[Collected data]
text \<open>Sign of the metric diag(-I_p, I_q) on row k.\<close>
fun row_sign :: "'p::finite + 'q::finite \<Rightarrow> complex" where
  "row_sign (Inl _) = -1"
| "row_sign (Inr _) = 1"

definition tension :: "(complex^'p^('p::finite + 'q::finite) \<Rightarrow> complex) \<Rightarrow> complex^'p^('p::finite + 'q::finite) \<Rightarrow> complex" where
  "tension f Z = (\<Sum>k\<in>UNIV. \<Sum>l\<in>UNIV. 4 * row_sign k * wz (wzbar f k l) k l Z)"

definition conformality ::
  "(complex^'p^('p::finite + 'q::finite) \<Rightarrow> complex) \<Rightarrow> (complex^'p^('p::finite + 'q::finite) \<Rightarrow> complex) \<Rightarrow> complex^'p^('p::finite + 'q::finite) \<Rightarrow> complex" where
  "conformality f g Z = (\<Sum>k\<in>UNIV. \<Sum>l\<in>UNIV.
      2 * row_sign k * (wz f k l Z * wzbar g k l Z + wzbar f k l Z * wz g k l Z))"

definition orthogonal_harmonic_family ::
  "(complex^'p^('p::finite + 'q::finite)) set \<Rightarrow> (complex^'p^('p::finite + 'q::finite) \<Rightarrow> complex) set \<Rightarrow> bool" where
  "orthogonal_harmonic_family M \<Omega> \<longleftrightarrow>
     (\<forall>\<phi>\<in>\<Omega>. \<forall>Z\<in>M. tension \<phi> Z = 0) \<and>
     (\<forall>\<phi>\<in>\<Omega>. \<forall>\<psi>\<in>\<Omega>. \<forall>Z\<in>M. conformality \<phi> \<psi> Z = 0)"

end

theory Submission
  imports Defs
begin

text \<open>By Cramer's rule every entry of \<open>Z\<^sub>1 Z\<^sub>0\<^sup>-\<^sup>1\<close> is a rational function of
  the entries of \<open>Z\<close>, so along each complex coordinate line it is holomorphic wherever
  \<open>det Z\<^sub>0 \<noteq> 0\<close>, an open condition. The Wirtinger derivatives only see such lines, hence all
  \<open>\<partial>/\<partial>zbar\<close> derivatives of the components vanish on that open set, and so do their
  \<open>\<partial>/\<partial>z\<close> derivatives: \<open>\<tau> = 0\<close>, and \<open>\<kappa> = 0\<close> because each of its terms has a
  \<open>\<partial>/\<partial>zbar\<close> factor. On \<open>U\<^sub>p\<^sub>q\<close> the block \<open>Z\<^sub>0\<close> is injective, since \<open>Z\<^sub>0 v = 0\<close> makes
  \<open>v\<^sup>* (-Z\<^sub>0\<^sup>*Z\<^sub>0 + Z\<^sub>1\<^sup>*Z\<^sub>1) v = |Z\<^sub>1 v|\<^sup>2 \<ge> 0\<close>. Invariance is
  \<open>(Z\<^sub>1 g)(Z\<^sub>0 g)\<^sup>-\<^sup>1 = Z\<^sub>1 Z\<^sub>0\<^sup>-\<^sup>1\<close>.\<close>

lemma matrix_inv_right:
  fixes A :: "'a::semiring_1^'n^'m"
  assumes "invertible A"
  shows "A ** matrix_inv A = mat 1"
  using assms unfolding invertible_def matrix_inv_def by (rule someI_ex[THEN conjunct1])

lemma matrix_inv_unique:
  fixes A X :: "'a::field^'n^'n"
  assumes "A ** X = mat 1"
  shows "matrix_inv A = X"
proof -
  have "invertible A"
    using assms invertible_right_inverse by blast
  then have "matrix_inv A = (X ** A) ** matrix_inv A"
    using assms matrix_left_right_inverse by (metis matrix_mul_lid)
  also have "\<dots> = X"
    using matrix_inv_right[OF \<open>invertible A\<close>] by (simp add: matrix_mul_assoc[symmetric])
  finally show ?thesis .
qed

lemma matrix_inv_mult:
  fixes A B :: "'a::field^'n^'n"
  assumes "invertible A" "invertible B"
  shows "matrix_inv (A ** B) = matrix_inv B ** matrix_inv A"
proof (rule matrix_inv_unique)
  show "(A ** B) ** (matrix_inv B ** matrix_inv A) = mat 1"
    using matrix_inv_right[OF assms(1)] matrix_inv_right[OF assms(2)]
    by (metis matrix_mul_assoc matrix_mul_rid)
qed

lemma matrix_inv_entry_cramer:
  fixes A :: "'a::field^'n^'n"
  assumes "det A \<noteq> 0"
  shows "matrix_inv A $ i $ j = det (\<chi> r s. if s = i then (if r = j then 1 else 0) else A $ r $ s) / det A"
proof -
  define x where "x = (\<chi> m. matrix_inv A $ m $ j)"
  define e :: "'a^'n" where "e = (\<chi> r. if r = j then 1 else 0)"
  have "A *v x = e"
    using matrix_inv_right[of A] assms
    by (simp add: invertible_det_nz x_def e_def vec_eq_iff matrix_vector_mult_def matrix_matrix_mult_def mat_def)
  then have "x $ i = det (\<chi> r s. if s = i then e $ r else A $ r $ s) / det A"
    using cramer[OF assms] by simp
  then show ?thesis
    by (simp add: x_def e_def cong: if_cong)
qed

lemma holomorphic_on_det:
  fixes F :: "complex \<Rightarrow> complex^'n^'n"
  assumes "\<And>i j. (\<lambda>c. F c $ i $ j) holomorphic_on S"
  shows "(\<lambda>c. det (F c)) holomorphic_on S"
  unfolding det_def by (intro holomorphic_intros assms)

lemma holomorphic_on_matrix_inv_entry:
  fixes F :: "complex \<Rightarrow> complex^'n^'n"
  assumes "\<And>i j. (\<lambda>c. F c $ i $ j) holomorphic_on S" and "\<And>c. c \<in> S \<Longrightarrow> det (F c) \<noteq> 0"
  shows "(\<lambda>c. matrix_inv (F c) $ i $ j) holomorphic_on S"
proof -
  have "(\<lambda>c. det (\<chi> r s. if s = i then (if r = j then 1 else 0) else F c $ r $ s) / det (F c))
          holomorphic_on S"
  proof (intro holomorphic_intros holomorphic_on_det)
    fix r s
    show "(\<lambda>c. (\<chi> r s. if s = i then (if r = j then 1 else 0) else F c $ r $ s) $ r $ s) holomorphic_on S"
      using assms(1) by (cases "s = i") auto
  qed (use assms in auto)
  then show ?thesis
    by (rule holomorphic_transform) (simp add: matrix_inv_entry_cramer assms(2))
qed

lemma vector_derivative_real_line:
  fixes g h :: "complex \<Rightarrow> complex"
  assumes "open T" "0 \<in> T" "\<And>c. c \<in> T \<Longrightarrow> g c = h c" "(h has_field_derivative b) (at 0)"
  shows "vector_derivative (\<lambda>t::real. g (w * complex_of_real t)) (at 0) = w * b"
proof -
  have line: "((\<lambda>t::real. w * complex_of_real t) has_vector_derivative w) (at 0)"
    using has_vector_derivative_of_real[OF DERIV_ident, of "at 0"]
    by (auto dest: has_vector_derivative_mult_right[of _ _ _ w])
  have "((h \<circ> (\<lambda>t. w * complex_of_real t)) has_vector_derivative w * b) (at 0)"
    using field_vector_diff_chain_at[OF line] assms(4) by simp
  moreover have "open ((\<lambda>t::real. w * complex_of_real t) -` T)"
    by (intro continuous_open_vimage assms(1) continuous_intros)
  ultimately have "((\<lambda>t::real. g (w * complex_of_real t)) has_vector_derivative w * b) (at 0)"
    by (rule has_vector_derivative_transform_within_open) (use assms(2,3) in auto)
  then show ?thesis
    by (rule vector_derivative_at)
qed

PROMPT:
Output only an exact transcription of the lines above from the one with "s) / det (F c))" up to and including the one with "by (auto dest: has_vector_derivative_mult_right[of".

OUTPUT BELOW:
  have "(\<lambda>c. det (\<chi> r s. if s = i then (if r = j then 1 else 0) else F c $ r $ s) / det (F c))
          holomorphic_on S"
  proof (intro holomorphic_intros holomorphic_on_det)
    fix r s
    show "(\<lambda>c. (\<chi> r s. if s = i then (if r = j then 1 else 0) else F c $ r $ s) $ r $ s) holomorphic_on S"
      using assms(1) by (cases "s = i") auto
  qed (use assms in auto)
  then show ?thesis
    by (rule holomorphic_transform) (simp add: matrix_inv_entry_cramer assms(2))
qed

lemma vector_derivative_real_line:
  fixes g h :: "complex \<Rightarrow> complex"
  assumes "open T" "0 \<in> T" "\<And>c. c \<in> T \<Longrightarrow> g c = h c" "(h has_field_derivative b) (at 0)"
  shows "vector_derivative (\<lambda>t::real. g (w * complex_of_real t)) (at 0) = w * b"
proof -
  have line: "((\<lambda>t::real. w * complex_of_real t) has_vector_derivative w) (at 0)"
    using has_vector_derivative_of_real[OF DERIV_ident, of "at 0"]
    by (auto dest: has_vector_derivative_mult_right[of _ _ _ w])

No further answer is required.